Learning The “Secrets” of

Uniqueness in Universal Life Insurance Policy

Universal life insurance takes care of your beneficiaries financially when you die.

You will earn a higher return on the interest when you take variable life insurance and like any other universal life insurance policy. These overall investment accounts of the company and also tied to bonds which makes it safe for you to take the universal life insurance. You are guaranteed a fixed interest rate that does not change with the changes in the market. The advantage of this policy is that you get to choose how much cash value is to be put in the indexed account. You benefit with the high interest on the cash value if the index futures performs well. You do not invest the cash value directly into the stock market, therefore, it is less risky than the variable universal life insurance.

Universal life insurance costs less than whole life insurance. There is more flexibility with fewer guarantees for the policyholder.

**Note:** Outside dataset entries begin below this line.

lemma continuous_on_annulus_source:
  assumes "0 < r1" "r1 < r2" "2 \<le> N"
    and h_cont: "continuous_on ({r1..r2} \<times> {0..}) (\<lambda>(r, u). h r u)"
  shows "continuous_on ({0..1} \<times> {0..R}) (\<lambda>(t, x). qfun N r1 r2 t * ffun N r1 r2 h t x)"
proof -
  note annulus = annulus_radius_qfun[OF assms(1-3)]
  let ?S = "{0..1::real} \<times> {0..R::real}"
  have radius_cont: "continuous_on ?S (\<lambda>z. (annulus_radius N r1 r2 (fst z), snd z))"
    by (auto intro!: continuous_intros continuous_on_compose2[OF annulus(1)])
  have radius_range: "(\<lambda>z. (annulus_radius N r1 r2 (fst z), snd z)) ` ?S \<subseteq> {r1..r2} \<times> {0..}"
    using annulus(2) by auto
  from continuous_on_compose2[OF h_cont radius_cont radius_range]
  have "continuous_on ?S (\<lambda>z. h (annulus_radius N r1 r2 (fst z)) (snd z))"
    by simp
  then show ?thesis
    unfolding case_prod_beta ffun_eq_annulus_radius
    by (auto intro!: continuous_intros continuous_on_compose2[OF annulus(3)])
qed

lemma bounded_nonlinearity_truncation:
  assumes "0 < r1" "r1 < r2" "2 \<le> N" "0 < R"
    and h_cont: "continuous_on ({r1..r2} \<times> {0..}) (\<lambda>(r, u). h r u)"
    and h_nonneg: "\<And>r u. r \<in> {r1..r2} \<Longrightarrow> u \<ge> 0 \<Longrightarrow> h r u \<ge> 0"
    and h_zero: "\<And>r. r \<in> {r1..r2} \<Longrightarrow> h r 0 = 0"
  obtains Kmax
  where "bounded_nonlinearity (\<lambda>t x. qfun N r1 r2 t * ffun N r1 r2 h t (min (max x 0) R)) Kmax"
proof -
  note annulus = annulus_radius_qfun[OF assms(1-3)]
  have "0 \<le> qfun N r1 r2 t * ffun N r1 r2 h t x" if "t \<in> {0..1}" "x \<in> {0..R}" for t x
    using that annulus(2,4)[OF that(1)] h_nonneg by (simp add: ffun_eq_annulus_radius less_imp_le)
  moreover have "qfun N r1 r2 t * ffun N r1 r2 h t 0 = 0" if "t \<in> {0..1}" for t
    using annulus(2)[OF that] h_zero by (simp add: ffun_eq_annulus_radius)
  ultimately show ?thesis
    using bounded_nonlinearity_clamp[OF continuous_on_annulus_source[OF assms(1-3) h_cont]] \<open>0 < R\<close> that
    by force
qed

There are several flexible payment options for universal life insurance. Whole life insurance has fixed premiums that are payable on a regular schedule. The policyholder of whole life insurance policy makes fixed payments at a specific date every month. With universal life insurance policy you choose to pay the amount and the time that is flexible to you. Increase you are cash value amount by paying extra premiums if you want. When your cash value is above a specific limit you can use it to pay the premiums. If you are not sure of getting money in the next few months you can pay a lump sum of money so that you do not pay premiums of the following months.

The amount you will get us death benefit in the whole life insurance is guaranteed, and you cannot change it. You will get a reduction on your premiums when you lower your death benefits. You do not plan for your income to reduce, but circumstances of life can force the situation to happen to you. When your income levels increased you can also increase your death benefits. The underwriter will have to recalculate your cash value when you choose to increase your death benefits.

You do not need to qualify for a credit if you’re borrowing against your life insurance policy. The loan is not charged income tax, and it is at a lower interest rate than banks. You do not need to pay the loan because your cash value will be used to repay the loan if you default. Universal life insurance allows you to with no part of the cash value without surrendering the policy. The partial withdrawals are tax-free.